-- EXTRACTED DATA follows --

lemma trivial_group_cochain_group:
  assumes "trivial_group G"
  shows "trivial_group (cochain_group G)"
proof -
  have "f = (\<lambda>x. 0)" if f: "f \<in> carrier (cochain_group G)" for f
  proof
    fix x show "f x = 0"
      using f cochain_one_eq_0[OF _ f] assms
      by (cases "x \<in> carrier G") (auto simp: trivial_group_def cochain_group_def)
  qed
  then show ?thesis
    using zero_in_cochain_group group_cochain_group by (fastforce simp: trivial_group_def)
qed

text \<open>The formula of \<^const>\<open>coboundary_map\<close>, for maps between groups of different types.\<close>

definition cochain_pullback ::
    "('a, 'm) monoid_scheme \<Rightarrow> ('a \<Rightarrow> 'b) \<Rightarrow> ('b \<Rightarrow> int) \<Rightarrow> 'a \<Rightarrow> int" where "cochain_pullback A h f = (\<lambda>x. if x \<in> carrier A then f (h x) else 0)"

lemma cochain_pullback_in_cochain_group:
  assumes "group A" "h \<in> hom A B" "f \<in> carrier (cochain_group B)"
  shows "cochain_pullback A h f \<in> carrier (cochain_group A)"
proof -
  have "f \<in> hom B integer_group" using assms(3) by (simp add: cochain_group_def)
  then have "cochain_pullback A h f \<in> hom A integer_group"
    using assms(1,2) by (intro homI)
      (auto simp: cochain_pullback_def hom_mult group.is_monoid monoid.m_closed hom_in_carrier)
  then show ?thesis by (simp add: cochain_group_def cochain_pullback_def)
qed

lemma cochain_pullback_hom:
  assumes "group A" "h \<in> hom A B"
  shows "cochain_pullback A h \<in> hom (cochain_group B) (cochain_group A)"
proof (rule homI)
  fix f assume "f \<in> carrier (cochain_group B)"
  then show "cochain_pullback A h f \<in> carrier (cochain_group A)"
    by (rule cochain_pullback_in_cochain_group[OF assms])
qed (auto simp: cochain_pullback_def cochain_group_def)
lemma sets_borel_alpha_edge_event:
  fixes F :: "point set" and K :: "point \<Rightarrow> point set"
  assumes "0 < \<alpha>"
  shows "{X :: nat \<Rightarrow> point. \<forall>x\<in>F. \<exists>p q. alpha_edge \<alpha> (X ` {..<n}) p q \<and>
           (infdist p (K x) \<le> \<alpha> \<or> infdist q (K x) \<le> \<alpha>)} \<in> sets borel"
proof -
  \<comment> \<open>Once the set of index pairs forming \<open>\<alpha>\<close>-edges is fixed, the condition on the sample is
    closed, so the quantifier over \<open>F\<close> only leaves a finite union.\<close>
  define I where "I = {..<n} \<times> {..<n}"
  define E where "E ij X \<longleftrightarrow> alpha_edge \<alpha> (X ` {..<n}) (X (fst ij)) (X (snd ij))" for ij and X :: "nat \<Rightarrow> point"
  define near where "near x p \<longleftrightarrow> infdist p (K x) \<le> \<alpha>" for x p
  define Q where "Q T X \<longleftrightarrow> (\<forall>x\<in>F. \<exists>ij\<in>T. near x (X (fst ij)) \<or> near x (X (snd ij)))"
    for T and X :: "nat \<Rightarrow> point"
  have "{X \<in> space borel. Q {ij \<in> I. E ij X} X} \<in> sets borel"
  proof (rule sets_Collect_finite_pattern)
    show "finite I" by (simp add: I_def)
    show "{X \<in> space borel. E ij X} \<in> sets borel" if "ij \<in> I" for ij
      using sets_borel_alpha_edge_components[OF assms] that by (auto simp: E_def I_def)
    have closed_near: "closed {X :: nat \<Rightarrow> point. near x (X k)}" for x k
      unfolding near_def
      by (intro closed_Collect_le continuous_on_const continuous_on_compose2[OF
          continuous_on_infdist[OF continuous_on_id] continuous_on_product_coordinates]) auto
    then have "closed {X. Q T X}" if "T \<subseteq> I" for T
    proof -
      have "{X. Q T X} = (\<Inter>x\<in>F. \<Union>ij\<in>T. {X. near x (X (fst ij))} \<union> {X. near x (X (snd ij))})"
        by (auto simp: Q_def)
      then show ?thesis
        using closed_near finite_subset[OF that] by (auto simp: I_def intro!: closed_INT closed_UN closed_Un)
    qed
    then show "{X \<in> space borel. Q T X} \<in> sets borel" if "T \<subseteq> I" for T
      using that by simp
  qed
  moreover have "(\<exists>p q. alpha_edge \<alpha> (X ` {..<n}) p q \<and> (near x p \<or> near x q)) \<longleftrightarrow>
      (\<exists>ij\<in>{ij \<in> I. E ij X}. near x (X (fst ij)) \<or> near x (X (snd ij)))" for X x
    by (subst alpha_edge_image_iff) (auto simp: E_def I_def)
  ultimately show ?thesis by (simp add: Q_def near_def)
qed

lemma borel_measurable_sample_space_id: "(\<lambda>X. X) \<in> borel_measurable (sample_space S n)"
proof (rule measurable_coordinatewise_then_product)
  fix i
  show "(\<lambda>X. X i) \<in> borel_measurable (sample_space S n)"
  proof (cases "i < n")
    case True
    then have "(\<lambda>X. X i) \<in> measurable (sample_space S n) (uniform_measure lborel S)"
      unfolding sample_space_def by (intro measurable_component_singleton) auto
    then show ?thesis by (simp cong: measurable_cong_sets)
  next
    case False
    then have "X i = undefined" if "X \<in> space (sample_space S n)" for X
      using that by (auto simp: sample_space_def space_PiM PiE_def extensional_def)
    then show ?thesis
      using measurable_cong[of "sample_space S n" "\<lambda>X. X i" "\<lambda>X. undefined" borel] by simp
  qed
qed

lemma sets_sample_space_alpha_edge_event:
  fixes F :: "point set" and K :: "point \<Rightarrow> point set"
  assumes "0 < \<alpha>"
  shows "{X \<in> space (sample_space S n). \<forall>x\<in>F. \<exists>p q. alpha_edge \<alpha> (X ` {..<n}) p q \<and>
           (infdist p (K x) \<le> \<alpha> \<or> infdist q (K x) \<le> \<alpha>)} \<in> sets (sample_space S n)"
  using measurable_sets[OF borel_measurable_sample_space_id sets_borel_alpha_edge_event[OF assms]]
  by (simp add: Collect_conj_eq Int_commute)
lemma prob_extension_event:
  assumes model: "gibbs_feature_model \<alpha> \<theta> V P"
    and f: "ofa n f" and a: "length a = length f" "set a \<subseteq> {0, 1}"
  shows "measure_pmf.prob (P (Suc n))
      {g. restr n g = f \<and> new_feats n g = y \<and> (\<forall>l<length f. old_ind n g l = a ! l)}
    = real ((length f + y) choose length f)
      * gibbs_efpf \<alpha> \<theta> V (Suc n) (replicate y 1 @ map2 (+) (map card f) a)"
    (is "measure_pmf.prob ?M ?S = _ * ?c")
proof -
  let ?E = "extensions n f y a"
  have support: "set_pmf ?M \<subseteq> {g. ofa (Suc n) g}"
    using model by (simp add: gibbs_feature_model_def)
  have pmf_E: "pmf ?M g = ?c" if "g \<in> ?E" for g
  proof -
    have "pmf ?M g = gibbs_efpf \<alpha> \<theta> V (Suc n) (map card g)"
      using model ofa_extensions[OF f that] by (simp add: gibbs_feature_model_def)
    also have "\<dots> = ?c"
      by (rule gibbs_efpf_mset_eq[OF mset_map_card_extensions[OF f a that]])
    finally show ?thesis .
  qed
  have "g \<in> ?S \<longleftrightarrow> g \<in> ?E" if "g \<in> set_pmf ?M" for g
    using extension_event_iff[OF f a, of g y] support that by auto
  then have "?S \<inter> set_pmf ?M = ?E \<inter> set_pmf ?M"
    by blast
  then have "measure_pmf.prob ?M ?S = measure_pmf.prob ?M ?E"
    using measure_Int_set_pmf[of ?M ?S] measure_Int_set_pmf[of ?M ?E] by simp
  also have "\<dots> = (\<Sum>g\<in>?E. pmf ?M g)"
    by (simp add: measure_measure_pmf_finite extensions_def)
  also have "\<dots> = real (card ?E) * ?c"
    using pmf_E by simp
  finally show ?thesis
    using card_extensions[OF f a(1)] by simp
qed

theorem theorem1:
  fixes \<alpha> \<theta> :: real and V :: "nat \<Rightarrow> nat \<Rightarrow> real" and P :: "nat \<Rightarrow> nat set list pmf"
    and n k y :: nat and f :: "nat set list" and a :: "nat list"
  assumes model: "gibbs_feature_model \<alpha> \<theta> V P"
    and n: "n \<ge> 1"
    and f: "ofa n f" and k: "length f = k"
    and pos: "pmf (P n) f > 0"
    and a: "length a = k" "set a \<subseteq> {0, 1}"
  shows "measure_pmf.prob (P (Suc n))
           {g. restr n g = f \<and> new_feats n g = y \<and> (\<forall>l<k. old_ind n g l = a ! l)}
         / measure_pmf.prob (P (Suc n)) {g. restr n g = f}
       = real ((k + y) choose k) * V (Suc n) (k + y) / V n k
         * (pochhammer (\<theta> + \<alpha>) n) ^ y * (\<theta> + real n) ^ k
         * (\<Prod>l<k. bern (a ! l) ((real (card (f ! l)) - \<alpha>) / (\<theta> + real n)))"
proof -
  let ?G = "gibbs_efpf \<alpha> \<theta> V"
  let ?ext = "replicate y 1 @ map2 (+) (map card f) a"
  have pmf_f: "pmf (P n) f = ?G n (map card f)"
    using model n f by (simp add: gibbs_feature_model_def)
  have "\<theta> + real n > 0"
    using model n by (simp add: gibbs_feature_model_def)
  then have extension: "?G (Suc n) ?ext * V n k
      = V (Suc n) (k + y) * pochhammer (\<theta> + \<alpha>) n ^ y * (\<theta> + real n) ^ k
        * (\<Prod>l<k. bern (a ! l) ((real (card (f ! l)) - \<alpha>) / (\<theta> + real n)))
        * ?G n (map card f)"
    using gibbs_efpf_Suc_extension[of \<theta> n "map card f" a \<alpha> V y] ofa_card_bounds[OF f] a k
    by simp
  have nonzero: "V n k \<noteq> 0" "?G n (map card f) \<noteq> 0"
    using pos pmf_f k by (auto simp: gibbs_efpf_def)
  have "measure_pmf.prob (P (Suc n))
           {g. restr n g = f \<and> new_feats n g = y \<and> (\<forall>l<k. old_ind n g l = a ! l)}
         / measure_pmf.prob (P (Suc n)) {g. restr n g = f}
      = real ((k + y) choose k) * (?G (Suc n) ?ext * V n k) / (V n k * ?G n (map card f))"
    using prob_extension_event[OF model f, of a y] prob_restr_eq_pmf[OF model n, of f]
      pmf_f nonzero a k by simp
  then show ?thesis
    unfolding extension using nonzero by (simp add: field_simps)
qed
(* Let $a\ge0$ be real, let $A:=\frac{a+i}{a-i}$, and suppose $A$ is not a root of unity and $\liminf_{m\to\infty}|A^m-1|^{1/m}=0$. Let $0<R<\infty$. Then there exists $f\in A(B_R)$ such that the unique formal power series solution $u$ of the Goursat problem $\Delta u=f$, $y(x-ay)\mid u$ (i.e. $u=y(x-ay)q$ for a formal power series $q$) does not converge in any neighborhood of the origin. Specifically, one can take $f=\sum_{m\ge0}R^{-m}\bar z^m$ with $\bar z=x-iy$.
   Context: $\Delta$ is the Laplace operator on $\mathbb R^2$. $B_R=\{(x,y): x^2+y^2<R^2\}$ and $A(B_R)$ denotes the algebra of all $C^\infty$ functions $f:B_R\to\mathbb C$ such that for every compact $K\subset B_R$ the homogeneous Taylor series $\sum_m f_m$ of $f$ at $0$ converges absolutely and uniformly to $f$ on $K$. When $A$ is not a root of unity, the formal problem has a unique formal power series solution. *)

theory Defs
  imports "HOL-Analysis.Analysis"
begin

text \<open>Points of R^2 are pairs (x,y) :: real \<times> real (the product metric is Euclidean).\<close>

definition pdx :: "(real \<times> real \<Rightarrow> complex) \<Rightarrow> real \<times> real \<Rightarrow> complex" where
  "pdx g p = vector_derivative (\<lambda>t. g (t, snd p)) (at (fst p))"

definition pdy :: "(real \<times> real \<Rightarrow> complex) \<Rightarrow> real \<times> real \<Rightarrow> complex" where
  "pdy g p = vector_derivative (\<lambda>t. g (fst p, t)) (at (snd p))"

inductive_set partials :: "(real \<times> real \<Rightarrow> complex) \<Rightarrow> (real \<times> real \<Rightarrow> complex) set"
  for f where
  base: "f \<in> partials f"
| dx: "g \<in> partials f \<Longrightarrow> pdx g \<in> partials f"
| dy: "g \<in> partials f \<Longrightarrow> pdy g \<in> partials f"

-- EXTRACTED DATA concluded --

## TASK TO CARRY OUT
Filter the records above for "problem" and copy every matching line.

## SOLVED EXERCISE
(* Let $a\ge0$ be real, let $A:=\frac{a+i}{a-i}$, and suppose $A$ is not a root of unity and $\liminf_{m\to\infty}|A^m-1|^{1/m}=0$. Let $0<R<\infty$. Then there exists $f\in A(B_R)$ such that the unique formal power series solution $u$ of the Goursat problem $\Delta u=f$, $y(x-ay)\mid u$ (i.e. $u=y(x-ay)q$ for a formal power series $q$) does not converge in any neighborhood of the origin. Specifically, one can take $f=\sum_{m\ge0}R^{-m}\bar z^m$ with $\bar z=x-iy$.
   Context: $\Delta$ is the Laplace operator on $\mathbb R^2$. $B_R=\{(x,y): x^2+y^2<R^2\}$ and $A(B_R)$ denotes the algebra of all $C^\infty$ functions $f:B_R\to\mathbb C$ such that for every compact $K\subset B_R$ the homogeneous Taylor series $\sum_m f_m$ of $f$ at $0$ converges absolutely and uniformly to $f$ on $K$. When $A$ is not a root of unity, the formal problem has a unique formal power series solution. *)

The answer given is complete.